Comic-turned-politician Beppe Grillo, co-founder of Five Star, said that the Trump win was “incredible” in his online blog. “This is the deflagration of an epoch. It’s the apocalypse of this information system, of the TVs, of the big newspapers, of the intellectuals, of the journalists.” Five Star, which already runs cities including Rome and Turin, calls for a referendum on Italy’s membership of the euro area.
Former premier Enrico Letta told Italian newspaper La Stampa that elected officials need to overhaul their relationship with voters and what he called the Clinton model, in which politicians enjoy “such long careers,” is over for ever. “Traditional parties, as we have conceived them, are finished,” he added.
The same day, Dec. 4, Austrians return to the polls to elect a new president after an earlier attempt was annulled. While in Austria as in neighboring Germany the real power is held by the chancellor, the contest for the mostly ceremonial post of president will be closely watched since it could bring to power the first far-right leader of a western European country since World War II. In May, Green Party candidate Alexander Van der Bellen eked out a victory over the anti-immigration Freedom Party’s Norbert Hofer of about 30,000 votes from the more than 4.5 million cast. Polls suggest the outcome this time around is still too close to call.
For Chancellor Christian Kern, the U.S. vote holds lessons for Europe. “I’m convinced that electoral battles will become fierce battles for the middle classes, and that’s a fight we’ll take on,” he told journalists in Vienna.

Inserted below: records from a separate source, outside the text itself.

lemma two_matching_number_mono:
  assumes "finite F" "G \<subseteq> F"
  shows "two_matching_number G \<le> two_matching_number F"
proof -
  have "finite G"
    using assms by (rule finite_subset[rotated])
  then obtain M where M: "two_matching G M" "card M = two_matching_number G"
    by (rule ex_two_matching_card_eq_two_matching_number)
  have "card M \<le> two_matching_number F"
    using assms(1) two_matching_mono[OF M(1) assms(2)] by (rule card_le_two_matching_number)
  then show ?thesis
    using M(2) by simp
qed

lemma saturated_card_less:
  assumes "finite E" "saturated E w" "two_matching E M" "deg_in M w < 2"
  shows "card M < two_matching_number E"
proof -
  have "card M \<noteq> two_matching_number E"
  proof
    assume "card M = two_matching_number E"
    then have "max_two_matching E M"
      using max_two_matching_iff[OF assms(1)] assms(3) by simp
    then have "deg_in M w = 2"
      using assms(2) unfolding saturated_def by blast
    then show False
      using assms(4) by simp
  qed
  then show ?thesis
    using card_le_two_matching_number[OF assms(1,3)] by simp
qed

lemma two_matching_number_Un:
  assumes fin: "finite A" "finite B" and "{} \<notin> A" and disj: "vertex_disjoint A B"
  shows "two_matching_number (A \<union> B) = two_matching_number A + two_matching_number B"
proof (rule antisym)
  obtain M where M: "two_matching (A \<union> B) M" "card M = two_matching_number (A \<union> B)"
    using fin by (meson ex_two_matching_card_eq_two_matching_number finite_UnI)
  have "finite M"
    using M(1) fin by (meson two_matching_finite finite_UnI)
  have "card M \<le> card (M \<inter> A) + card (M \<inter> B)"
    using M(1) unfolding two_matching_def by (intro card_le_card_Int_add_card_Int) blast
  also have "\<dots> \<le> two_matching_number A + two_matching_number B"
    using card_Int_le_two_matching_number[OF \<open>finite M\<close> _ M(1)] fin by (simp add: add_mono)
  finally show "two_matching_number (A \<union> B) \<le> two_matching_number A + two_matching_number B"
    using M(2) by simp
next
  obtain MA where MA: "two_matching A MA" "card MA = two_matching_number A"
    using fin(1) by (rule ex_two_matching_card_eq_two_matching_number)
  obtain MB where MB: "two_matching B MB" "card MB = two_matching_number B"
    using fin(2) by (rule ex_two_matching_card_eq_two_matching_number)
  have "MA \<subseteq> A" "MB \<subseteq> B"
    using MA(1) MB(1) unfolding two_matching_def by blast+
  then have "MA \<inter> MB = {}"
    using vertex_disjoint_Int_empty[OF disj \<open>{} \<notin> A\<close>] by blast
  moreover have "finite MA" "finite MB"
    using fin \<open>MA \<subseteq> A\<close> \<open>MB \<subseteq> B\<close> by (auto intro: finite_subset)
  ultimately have "card (MA \<union> MB) = two_matching_number A + two_matching_number B"
    using MA(2) MB(2) by (simp add: card_Un_disjoint)
  moreover have "card (MA \<union> MB) \<le> two_matching_number (A \<union> B)"
    using fin two_matching_Un[OF MA(1) MB(1) disj] by (simp add: card_le_two_matching_number)
  ultimately show "two_matching_number A + two_matching_number B \<le> two_matching_number (A \<union> B)"
    by simp
qed

subsection \<open>Simple graphs and their components\<close>

lemma simple_graph_mono: "simple_graph V E \<Longrightarrow> F \<subseteq> E \<Longrightarrow> simple_graph V F"
  unfolding simple_graph_def by blast

lemma simple_graph_finite_edges: "simple_graph V E \<Longrightarrow> finite E"
  unfolding simple_graph_def by (auto intro: finite_subset[of E "Pow V"])

lemma simple_graph_empty_notin: "simple_graph V E \<Longrightarrow> {} \<notin> E"
  unfolding simple_graph_def by blast

lemma simple_graph_edge_at:
  "simple_graph V E \<Longrightarrow> e \<in> E \<Longrightarrow> u \<in> e \<Longrightarrow> \<exists>w. w \<noteq> u \<and> w \<in> V \<and> u \<in> V \<and> e = {u, w}"
  unfolding simple_graph_def by fast

lemma simple_graph_edge_vertices:
  assumes "simple_graph V E" "{x, y} \<in> E"
  shows "x \<in> V" "y \<in> V" "x \<noteq> y"
proof -
  obtain a b where "a \<noteq> b" "a \<in> V" "b \<in> V" "{x, y} = {a, b}"
    using assms unfolding simple_graph_def by blast
  then show "x \<in> V" "y \<in> V" "x \<noteq> y"
    by (auto simp: doubleton_eq_iff)
qed

lemma deg_in_2_neighbours:
  assumes "simple_graph V E" "two_matching E M" "deg_in M u = 2"
  obtains w1 w2 where "{e \<in> M. u \<in> e} = {{u, w1}, {u, w2}}" "w1 \<noteq> w2"
proof -
  obtain e1 e2 where e12: "{e \<in> M. u \<in> e} = {e1, e2}" "e1 \<noteq> e2"
    using assms(3) unfolding deg_in_def card_2_iff by blast
  moreover have "e1 \<in> E" "e2 \<in> E" "u \<in> e1" "u \<in> e2"
    using e12(1) assms(2) unfolding two_matching_def by blast+
  ultimately obtain w1 w2 where "e1 = {u, w1}" "e2 = {u, w2}"
    using simple_graph_edge_at[OF assms(1)] by meson
  with e12 show ?thesis
    using that by blast
qed

lemma component_edges_subset: "component_edges V G w \<subseteq> G"
  unfolding component_edges_def by blast

lemma component_edges_closed:
  assumes "simple_graph V G" "e \<in> G" "x \<in> e" "x \<in> component_verts V G w"
  shows "e \<in> component_edges V G w"
proof -
  obtain y where y: "e = {x, y}" "x \<in> V" "y \<in> V"
    using simple_graph_edge_at[OF assms(1-3)] by blast
  then have "(x, y) \<in> adj_rel G"
    using assms(2) unfolding adj_rel_def by simp
  then have "e \<subseteq> component_verts V G w"
    using assms(4) y unfolding component_verts_def by (auto intro: rtrancl_into_rtrancl)
  then show ?thesis
    using assms(2) unfolding component_edges_def by blast
qed

lemma edge_in_component_edges:
  "simple_graph V G \<Longrightarrow> w \<in> V \<Longrightarrow> e \<in> G \<Longrightarrow> w \<in> e \<Longrightarrow> e \<in> component_edges V G w"
  by (rule component_edges_closed) (auto simp: component_verts_def)

lemma vertex_disjoint_component_edges_Diff:
  assumes "simple_graph V G"
  shows "vertex_disjoint (component_edges V G w) (G - component_edges V G w)"
  unfolding vertex_disjoint_def
proof (intro ballI equals0I)
  fix e e' x
  assume "e \<in> component_edges V G w" "e' \<in> G - component_edges V G w" "x \<in> e \<inter> e'"
  then show False
    using component_edges_closed[OF assms, of e' x w] unfolding component_edges_def by blast
qed

lemma vertex_disjoint_component_edges:
  assumes "(w1, w2) \<notin> (adj_rel G)\<^sup>*"
  shows "vertex_disjoint (component_edges V G w1) (component_edges V G w2)"
  unfolding vertex_disjoint_def
proof (intro ballI equals0I)
  fix e e' x
  assume "e \<in> component_edges V G w1" "e' \<in> component_edges V G w2" "x \<in> e \<inter> e'"
  then have "(w1, x) \<in> (adj_rel G)\<^sup>*" "(x, w2) \<in> (adj_rel G)\<^sup>*"
    using sym_rtrancl[of "adj_rel G"]
    unfolding component_edges_def component_verts_def sym_def adj_rel_def
    by (auto simp: insert_commute)
  then show False
    using assms by (meson rtrancl_trans)
qed

lemma two_matching_number_component_split:
  assumes "simple_graph V G"
  shows "two_matching_number G =
    two_matching_number (component_edges V G w) + two_matching_number (G - component_edges V G w)"
proof -
  let ?S = "component_edges V G w"
  have "finite G" "{} \<notin> G"
    using assms by (rule simple_graph_finite_edges, rule simple_graph_empty_notin)
  then have "finite ?S" "finite (G - ?S)" "{} \<notin> ?S"
    using component_edges_subset[of V G w] by (auto intro: finite_subset)
  then have "two_matching_number (?S \<union> (G - ?S)) = two_matching_number ?S + two_matching_number (G - ?S)"
    using vertex_disjoint_component_edges_Diff[OF assms] by (rule two_matching_number_Un)
  moreover have "?S \<union> (G - ?S) = G"
    using component_edges_subset[of V G w] by blast
  ultimately show ?thesis
    by simp
qed

text \<open>Combine N with a maximum 2-matching of the remaining components.\<close>
lemma ex_max_two_matching_extending_component:
  assumes G: "simple_graph V G" and "w \<in> V"
    and N: "two_matching (component_edges V G w) N" "card N = two_matching_number (component_edges V G w)"
  obtains M where "two_matching G M" "card M = two_matching_number G" "deg_in M w = deg_in N w"
proof -
  let ?S = "component_edges V G w"
  have "finite G"
    using G by (rule simple_graph_finite_edges)
  then have fin: "finite ?S" "finite (G - ?S)"
    using component_edges_subset[of V G w] by (auto intro: finite_subset)
  obtain NR where NR: "two_matching (G - ?S) NR" "card NR = two_matching_number (G - ?S)"
    using fin(2) by (rule ex_two_matching_card_eq_two_matching_number)
  have sub: "N \<subseteq> ?S" "NR \<subseteq> G - ?S"
    using N(1) NR(1) unfolding two_matching_def by blast+
  have "two_matching (?S \<union> (G - ?S)) (N \<union> NR)"
    using N(1) NR(1) vertex_disjoint_component_edges_Diff[OF G] by (rule two_matching_Un)
  moreover have "?S \<union> (G - ?S) = G"
    using component_edges_subset[of V G w] by blast
  ultimately have "two_matching G (N \<union> NR)"
    by simp
  moreover have "card (N \<union> NR) = two_matching_number G"
  proof -
    have "finite N" "finite NR" "N \<inter> NR = {}"
      using fin sub by (auto intro: finite_subset)
    then show ?thesis
      using N(2) NR(2) two_matching_number_component_split[OF G, of w] by (simp add: card_Un_disjoint)
  qed
  moreover have "{e \<in> N \<union> NR. w \<in> e} = {e \<in> N. w \<in> e}"
    using sub edge_in_component_edges[OF G \<open>w \<in> V\<close>] by blast
  then have "deg_in (N \<union> NR) w = deg_in N w"
    unfolding deg_in_def by simp
  ultimately show ?thesis
    using that by blast
qed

The Dutch kick off Europe’s unprecedented 2017 voting season with parliamentary elections on March 15. The Netherlands is something of a laboratory for European politics, with unstable, multi-party coalitions the norm and some 13 parties poised to enter parliament next year. Geert Wilders, who leads the anti-Islam Freedom Party — allied with but no relation to the Austrian party of the same name — is running neck-and-neck with Prime Minister Mark Rutte’s Liberals (VVD) in some polls. “The people are taking their country back,” tweeted Wilders, who wants to emulate Britain with a “Nexit” vote on European Union membership. “So will we.”

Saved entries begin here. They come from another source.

lemma closed_visits_bounded_imp_thin:
  fixes h :: "'a::metric_space \<Rightarrow> 'a"
  assumes "compact (UNIV :: 'a set)" "infinite (UNIV :: 'a set)" "homeo h" "minimal_map h"
    and "closed F" "visits_bounded h F m"
  shows "thin h F"
  using assms(5,6)
proof (induction m arbitrary: F)
  case 0
  then show ?case using visits_bounded_0_empty thin_empty by metis
next
  case (Suc m)
  have bij: "bij h" using assms(3) by (simp add: homeo_def)
  show "thin h F" unfolding thin_def
  proof (intro conjI allI impI)
    show "closed F" by (rule Suc.prems(1))
    fix U :: "'a set" assume U: "open U \<and> U \<noteq> {}"
    obtain U1 U2 where U12: "open U1" "open U2" "U1 \<noteq> {}" "U2 \<noteq> {}" "U1 \<subseteq> U" "U2 \<subseteq> U"
      "U1 \<inter> U2 = {}"
      using minimal_open_split[OF assms(1-4), of U] U by blast
    obtain D where D: "finite D" "\<And>x. \<exists>a\<in>D. zpow h a x \<in> U1"
      using minimal_finite_hitting_set[OF assms(1,3,4) U12(1,3)] by blast
    define K where "K = (\<lambda>(a, b). b - a) ` (D \<times> D) - {0}"
    define G where "G = (\<Union>k\<in>K. F \<inter> zpow h k ` F)"
    have "thin h (F \<inter> zpow h k ` F)" if "k \<in> K" for k
    proof (rule Suc.IH)
      show "closed (F \<inter> zpow h k ` F)"
        using Suc.prems(1) closed_zpow_image[OF assms(3)] by blast
      show "visits_bounded h (F \<inter> zpow h k ` F) m"
        using that Suc.prems(2) by (intro visits_bounded_Int_zpow_image[OF bij]) (auto simp: K_def)
    qed
    then have "thin h G"
      unfolding G_def using D(1) by (intro thin_UN[OF assms(1-4)]) (auto simp: K_def)
    then obtain N where N: "open N" "G \<subseteq> N" "prec h N U2"
      using U12(2,4) prec_open_superset unfolding thin_def by metis
    have "F \<inter> zpow h (b - a) ` F \<subseteq> N" if "a \<in> D" "b \<in> D" "a \<noteq> b" for a b
    proof -
      have "b - a \<in> K" using that by (force simp: K_def)
      then show ?thesis using N(2) unfolding G_def by blast
    qed
    then have "disjoint_family_on (\<lambda>a. zpow h a ` (F - N)) D"
      by (rule disjoint_family_zpow_image_Diff[OF bij])
    then have "prec h (F - N) U1"
      using D Suc.prems(1) U12(1) N(1)
      by (intro prec_disjoint_translates[OF assms(3)]) auto
    then have "prec h ((F - N) \<union> N) (U1 \<union> U2)" using N(3) U12(7) by (rule prec_Un)
    moreover have "F \<subseteq> (F - N) \<union> N" by blast
    moreover have "U1 \<union> U2 \<subseteq> U" using U12(5,6) by blast
    ultimately show "prec h F U" by (rule prec_mono)
  qed
qed

section \<open>Frontiers of return-time level sets\<close>

lemma frontier_vimage_subset:
  assumes "continuous_on UNIV g"
  shows "frontier (g -` S) \<subseteq> g -` frontier S"
proof -
  have "closure (g -` S) \<subseteq> g -` closure S"
    using closure_subset closed_vimage[OF closed_closure assms]
    by (metis closure_minimal vimage_mono)
  moreover have "g -` interior S \<subseteq> interior (g -` S)"
    using interior_subset open_vimage[OF open_interior assms]
    by (metis interior_maximal vimage_mono)
  ultimately show ?thesis unfolding frontier_def by blast
qed

lemma frontier_closure_subset: "frontier (closure S) \<subseteq> frontier S"
  unfolding frontier_def using interior_mono[OF closure_subset, of S] by auto

lemma open_nbhd_same_side:
  assumes "continuous_on UNIV g" "g x \<notin> frontier Y"
  obtains W where "open W" "x \<in> W" "\<And>w. w \<in> W \<Longrightarrow> g w \<in> Y \<longleftrightarrow> g x \<in> Y"
proof -
  have "g x \<in> interior Y \<or> g x \<in> interior (- Y)"
    using assms(2) by (auto simp: frontier_def interior_complement)
  then show ?thesis
  proof
    assume "g x \<in> interior Y"
    then show ?thesis
      using that[of "g -` interior Y"] open_vimage[OF open_interior assms(1)] interior_subset
      by blast
  next
    assume "g x \<in> interior (- Y)"
    then show ?thesis
      using that[of "g -` interior (- Y)"] open_vimage[OF open_interior assms(1)] interior_subset
      by blast
  qed
qed

lemma frontier_subset_vimage_frontier:
  fixes g :: "'i \<Rightarrow> 'a::topological_space \<Rightarrow> 'b::topological_space"
  assumes "finite I" "\<And>i. i \<in> I \<Longrightarrow> continuous_on UNIV (g i)"
    and "\<And>y z. (\<And>i. i \<in> I \<Longrightarrow> g i y \<in> Y \<longleftrightarrow> g i z \<in> Y) \<Longrightarrow> y \<in> C \<longleftrightarrow> z \<in> C"
  shows "frontier C \<subseteq> (\<Union>i\<in>I. g i -` frontier Y)"
proof
  fix x assume x: "x \<in> frontier C"
  show "x \<in> (\<Union>i\<in>I. g i -` frontier Y)"
  proof (rule ccontr)
    assume "x \<notin> (\<Union>i\<in>I. g i -` frontier Y)"
    then have "\<forall>i\<in>I. \<exists>W. open W \<and> x \<in> W \<and> (\<forall>w\<in>W. g i w \<in> Y \<longleftrightarrow> g i x \<in> Y)"
      using open_nbhd_same_side[OF assms(2)] by (metis UN_I vimageI)
    then obtain W where W: "\<And>i. i \<in> I \<Longrightarrow> open (W i) \<and> x \<in> W i \<and>
        (\<forall>w\<in>W i. g i w \<in> Y \<longleftrightarrow> g i x \<in> Y)"
      by metis
    have "open (\<Inter>i\<in>I. W i)" using W assms(1) by (auto intro: open_INT)
    moreover have "x \<in> (\<Inter>i\<in>I. W i)" using W by blast
    moreover have "w \<in> C \<longleftrightarrow> x \<in> C" if "w \<in> (\<Inter>i\<in>I. W i)" for w
      using that W by (intro assms(3)) blast
    ultimately have "x \<in> interior C \<or> x \<in> interior (- C)"
      by (cases "x \<in> C") (auto intro: interiorI[of "\<Inter>i\<in>I. W i"])
    then show False using x by (auto simp: frontier_def interior_complement)
  qed
qed

lemma return_time_le:
  assumes "1 \<le> n" "(h ^^ n) y \<in> Y"
  shows "return_time h Y y \<le> n"
  unfolding return_time_def using assms by (simp add: Least_le)

lemma return_time_eq_iff:
  assumes "1 \<le> m" "(h ^^ m) y \<in> Y"
  shows "return_time h Y y = n \<longleftrightarrow>
    1 \<le> n \<and> (h ^^ n) y \<in> Y \<and> (\<forall>k. 1 \<le> k \<and> k < n \<longrightarrow> (h ^^ k) y \<notin> Y)"
proof
  assume n: "return_time h Y y = n"
  have "1 \<le> n \<and> (h ^^ n) y \<in> Y"
    using LeastI[of "\<lambda>m. 1 \<le> m \<and> (h ^^ m) y \<in> Y", OF conjI[OF assms]] n
    by (simp add: return_time_def)
  moreover have "(h ^^ k) y \<notin> Y" if "1 \<le> k" "k < n" for k
    using not_less_Least[of k "\<lambda>m. 1 \<le> m \<and> (h ^^ m) y \<in> Y"] that n
    by (auto simp: return_time_def)
  ultimately show "1 \<le> n \<and> (h ^^ n) y \<in> Y \<and> (\<forall>k. 1 \<le> k \<and> k < n \<longrightarrow> (h ^^ k) y \<notin> Y)"
    by blast
next
  assume "1 \<le> n \<and> (h ^^ n) y \<in> Y \<and> (\<forall>k. 1 \<le> k \<and> k < n \<longrightarrow> (h ^^ k) y \<notin> Y)"
  then show "return_time h Y y = n"
    unfolding return_time_def by (intro Least_equality) (auto simp: not_less[symmetric])
qed

lemma frontier_return_level_subset:
  fixes h :: "'a::topological_space \<Rightarrow> 'a"
  assumes "continuous_on UNIV h" "\<forall>y\<in>Y. \<exists>m\<ge>1. (h ^^ m) y \<in> Y"
  shows "frontier {y\<in>Y. return_time h Y y = n} \<subseteq> (\<Union>i\<le>n. (h ^^ i) -` frontier Y)"
proof (rule frontier_subset_vimage_frontier)
  show "continuous_on UNIV (h ^^ i)" for i using assms(1) by (rule continuous_on_funpow)
  have level: "y \<in> {y\<in>Y. return_time h Y y = n} \<longleftrightarrow>
      (h ^^ 0) y \<in> Y \<and> 1 \<le> n \<and> (h ^^ n) y \<in> Y \<and> (\<forall>k. 1 \<le> k \<and> k < n \<longrightarrow> (h ^^ k) y \<notin> Y)" for y
    using assms(2) return_time_eq_iff[of _ h y Y n] by auto
  show "y \<in> {y\<in>Y. return_time h Y y = n} \<longleftrightarrow> z \<in> {y\<in>Y. return_time h Y y = n}"
    if "\<And>i. i \<in> {..n} \<Longrightarrow> (h ^^ i) y \<in> Y \<longleftrightarrow> (h ^^ i) z \<in> Y" for y z
    unfolding level using that by (metis atMost_iff less_imp_le zero_le order_refl)
qed simp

And yet the Netherlands, with more than a decade of experience of populists stretching back to Pim Fortuyn, may use the time to help thwart a Wilders surge. Rutte has ruled out a coalition with the Freedom Party, and it’s hard to see how Wilders could cobble together a working majority if he won the election. “On the one hand, the victory of Trump makes populist politics more accepted,” said Kees Aarts, professor of political science at Groningen University. “But on the other, all parties and politicians that might have still been a little asleep regarding the March elections, are now wide awake.’’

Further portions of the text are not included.